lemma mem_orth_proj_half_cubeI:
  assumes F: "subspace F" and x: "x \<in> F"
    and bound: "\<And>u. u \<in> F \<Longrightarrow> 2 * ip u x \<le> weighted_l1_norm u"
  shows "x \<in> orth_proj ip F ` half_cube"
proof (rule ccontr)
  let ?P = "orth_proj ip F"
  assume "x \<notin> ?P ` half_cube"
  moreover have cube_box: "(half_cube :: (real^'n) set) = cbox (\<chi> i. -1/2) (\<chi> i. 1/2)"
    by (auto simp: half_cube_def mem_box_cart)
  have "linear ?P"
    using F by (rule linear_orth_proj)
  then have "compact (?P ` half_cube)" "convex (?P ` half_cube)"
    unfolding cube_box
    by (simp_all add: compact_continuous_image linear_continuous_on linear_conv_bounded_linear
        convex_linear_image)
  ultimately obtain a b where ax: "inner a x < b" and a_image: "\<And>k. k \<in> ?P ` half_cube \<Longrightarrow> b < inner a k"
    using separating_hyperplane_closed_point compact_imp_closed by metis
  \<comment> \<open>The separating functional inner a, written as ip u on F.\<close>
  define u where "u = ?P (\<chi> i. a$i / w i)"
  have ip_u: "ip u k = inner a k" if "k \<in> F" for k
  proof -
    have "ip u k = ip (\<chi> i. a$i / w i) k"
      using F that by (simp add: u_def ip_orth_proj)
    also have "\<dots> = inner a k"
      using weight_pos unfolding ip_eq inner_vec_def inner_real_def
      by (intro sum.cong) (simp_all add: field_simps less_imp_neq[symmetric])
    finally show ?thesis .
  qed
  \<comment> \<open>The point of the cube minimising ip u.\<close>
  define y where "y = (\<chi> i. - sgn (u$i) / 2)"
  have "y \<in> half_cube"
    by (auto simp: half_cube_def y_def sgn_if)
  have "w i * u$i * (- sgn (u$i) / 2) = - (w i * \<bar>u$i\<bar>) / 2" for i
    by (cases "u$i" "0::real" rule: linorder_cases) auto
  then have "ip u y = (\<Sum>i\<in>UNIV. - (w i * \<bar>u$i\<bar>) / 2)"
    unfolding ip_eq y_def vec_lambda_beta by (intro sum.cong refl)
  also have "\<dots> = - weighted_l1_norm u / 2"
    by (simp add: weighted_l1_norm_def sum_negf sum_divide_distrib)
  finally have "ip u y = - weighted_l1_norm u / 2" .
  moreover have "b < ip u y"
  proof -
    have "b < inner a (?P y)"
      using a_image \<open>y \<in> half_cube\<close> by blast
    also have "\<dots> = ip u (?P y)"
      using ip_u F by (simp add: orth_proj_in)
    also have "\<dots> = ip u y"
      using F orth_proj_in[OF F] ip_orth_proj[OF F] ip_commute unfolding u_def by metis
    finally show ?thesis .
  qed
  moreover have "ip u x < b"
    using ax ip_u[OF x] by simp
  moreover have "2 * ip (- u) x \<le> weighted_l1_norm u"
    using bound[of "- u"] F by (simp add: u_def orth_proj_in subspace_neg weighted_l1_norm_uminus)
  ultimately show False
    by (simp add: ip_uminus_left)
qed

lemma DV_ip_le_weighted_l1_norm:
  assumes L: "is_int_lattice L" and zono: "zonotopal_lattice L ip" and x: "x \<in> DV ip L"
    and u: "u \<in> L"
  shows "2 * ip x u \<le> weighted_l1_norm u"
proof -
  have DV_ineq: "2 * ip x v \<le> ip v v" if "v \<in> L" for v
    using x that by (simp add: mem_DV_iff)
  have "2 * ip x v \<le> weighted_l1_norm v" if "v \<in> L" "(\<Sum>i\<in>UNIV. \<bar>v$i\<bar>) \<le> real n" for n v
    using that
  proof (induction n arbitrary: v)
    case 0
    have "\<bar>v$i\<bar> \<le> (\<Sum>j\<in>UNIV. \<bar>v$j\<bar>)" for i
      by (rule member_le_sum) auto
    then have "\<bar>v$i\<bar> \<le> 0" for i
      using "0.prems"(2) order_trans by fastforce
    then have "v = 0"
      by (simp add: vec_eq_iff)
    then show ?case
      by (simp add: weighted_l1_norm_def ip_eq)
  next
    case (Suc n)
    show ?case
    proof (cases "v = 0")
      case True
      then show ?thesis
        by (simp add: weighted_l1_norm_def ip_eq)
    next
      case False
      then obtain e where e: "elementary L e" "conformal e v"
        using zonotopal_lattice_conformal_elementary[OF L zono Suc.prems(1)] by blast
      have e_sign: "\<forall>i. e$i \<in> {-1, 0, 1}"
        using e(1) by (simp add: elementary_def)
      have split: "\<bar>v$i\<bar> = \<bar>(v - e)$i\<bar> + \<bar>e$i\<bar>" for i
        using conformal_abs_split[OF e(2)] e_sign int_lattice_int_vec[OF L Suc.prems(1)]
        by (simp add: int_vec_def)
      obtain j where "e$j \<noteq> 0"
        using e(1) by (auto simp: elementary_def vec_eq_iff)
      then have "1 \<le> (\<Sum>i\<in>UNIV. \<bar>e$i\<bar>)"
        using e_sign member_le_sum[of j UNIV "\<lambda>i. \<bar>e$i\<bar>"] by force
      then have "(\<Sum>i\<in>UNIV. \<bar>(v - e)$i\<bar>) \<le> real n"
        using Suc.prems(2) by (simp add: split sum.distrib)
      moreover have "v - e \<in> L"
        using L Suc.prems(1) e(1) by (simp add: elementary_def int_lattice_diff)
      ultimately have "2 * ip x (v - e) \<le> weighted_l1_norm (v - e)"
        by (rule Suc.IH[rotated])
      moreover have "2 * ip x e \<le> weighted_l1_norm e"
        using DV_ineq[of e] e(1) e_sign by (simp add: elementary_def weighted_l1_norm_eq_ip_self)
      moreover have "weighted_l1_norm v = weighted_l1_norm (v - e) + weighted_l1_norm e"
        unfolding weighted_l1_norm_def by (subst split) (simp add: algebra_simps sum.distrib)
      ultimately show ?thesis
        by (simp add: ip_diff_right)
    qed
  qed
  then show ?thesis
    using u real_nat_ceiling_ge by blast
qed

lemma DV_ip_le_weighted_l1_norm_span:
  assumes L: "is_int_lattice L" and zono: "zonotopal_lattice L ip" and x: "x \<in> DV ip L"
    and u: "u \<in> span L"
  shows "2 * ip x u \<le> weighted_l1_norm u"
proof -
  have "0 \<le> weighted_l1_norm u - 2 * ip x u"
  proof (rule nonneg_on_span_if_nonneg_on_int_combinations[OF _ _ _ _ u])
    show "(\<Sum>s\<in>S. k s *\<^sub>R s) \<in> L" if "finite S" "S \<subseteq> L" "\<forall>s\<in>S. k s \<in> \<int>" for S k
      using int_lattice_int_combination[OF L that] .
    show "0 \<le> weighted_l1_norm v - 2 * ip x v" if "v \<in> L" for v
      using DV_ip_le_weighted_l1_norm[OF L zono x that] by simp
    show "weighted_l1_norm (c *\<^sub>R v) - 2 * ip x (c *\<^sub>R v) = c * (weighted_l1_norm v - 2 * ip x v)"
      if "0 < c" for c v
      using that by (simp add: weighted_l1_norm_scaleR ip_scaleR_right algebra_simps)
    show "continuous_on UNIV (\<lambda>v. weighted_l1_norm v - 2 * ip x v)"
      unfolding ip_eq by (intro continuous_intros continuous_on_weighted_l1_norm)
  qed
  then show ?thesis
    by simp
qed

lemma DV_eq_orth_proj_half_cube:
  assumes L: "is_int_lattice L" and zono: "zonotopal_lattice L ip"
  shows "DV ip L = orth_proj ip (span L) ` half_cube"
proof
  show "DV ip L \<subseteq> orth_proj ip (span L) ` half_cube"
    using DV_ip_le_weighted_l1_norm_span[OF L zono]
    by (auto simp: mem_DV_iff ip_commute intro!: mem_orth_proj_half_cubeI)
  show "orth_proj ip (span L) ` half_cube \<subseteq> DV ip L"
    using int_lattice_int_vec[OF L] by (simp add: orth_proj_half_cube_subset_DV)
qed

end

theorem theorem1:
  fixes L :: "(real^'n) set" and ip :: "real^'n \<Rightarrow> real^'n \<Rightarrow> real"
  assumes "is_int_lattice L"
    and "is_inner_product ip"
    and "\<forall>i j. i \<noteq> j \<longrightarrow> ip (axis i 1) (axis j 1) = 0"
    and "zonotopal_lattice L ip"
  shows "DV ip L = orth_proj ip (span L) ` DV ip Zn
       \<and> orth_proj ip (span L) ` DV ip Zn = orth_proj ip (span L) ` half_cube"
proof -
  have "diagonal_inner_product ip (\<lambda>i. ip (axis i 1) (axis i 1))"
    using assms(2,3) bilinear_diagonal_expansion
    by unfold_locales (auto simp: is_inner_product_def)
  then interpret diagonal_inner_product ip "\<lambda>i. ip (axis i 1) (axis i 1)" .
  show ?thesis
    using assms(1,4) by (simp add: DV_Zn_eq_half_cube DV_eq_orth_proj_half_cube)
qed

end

++++++++++++++++++++

◆ PROBLEM TO WORK ON ◆
Copy the records above exactly, beginning at the line that contains "k s *\<^sub>R" and stopping after the line that contains "UNIV (\<lambda>v. weighted_l1_norm".

◆ WRITTEN ANSWER ◆
    show "(\<Sum>s\<in>S. k s *\<^sub>R s) \<in> L" if "finite S" "S \<subseteq> L" "\<forall>s\<in>S. k s \<in> \<int>" for S k
      using int_lattice_int_combination[OF L that] .
    show "0 \<le> weighted_l1_norm v - 2 * ip x v" if "v \<in> L" for v
      using DV_ip_le_weighted_l1_norm[OF L zono x that] by simp
    show "weighted_l1_norm (c *\<^sub>R v) - 2 * ip x (c *\<^sub>R v) = c * (weighted_l1_norm v - 2 * ip x v)"
      if "0 < c" for c v
      using that by (simp add: weighted_l1_norm_scaleR ip_scaleR_right algebra_simps)
    show "continuous_on UNIV (\<lambda>v. weighted_l1_norm v - 2 * ip x v)"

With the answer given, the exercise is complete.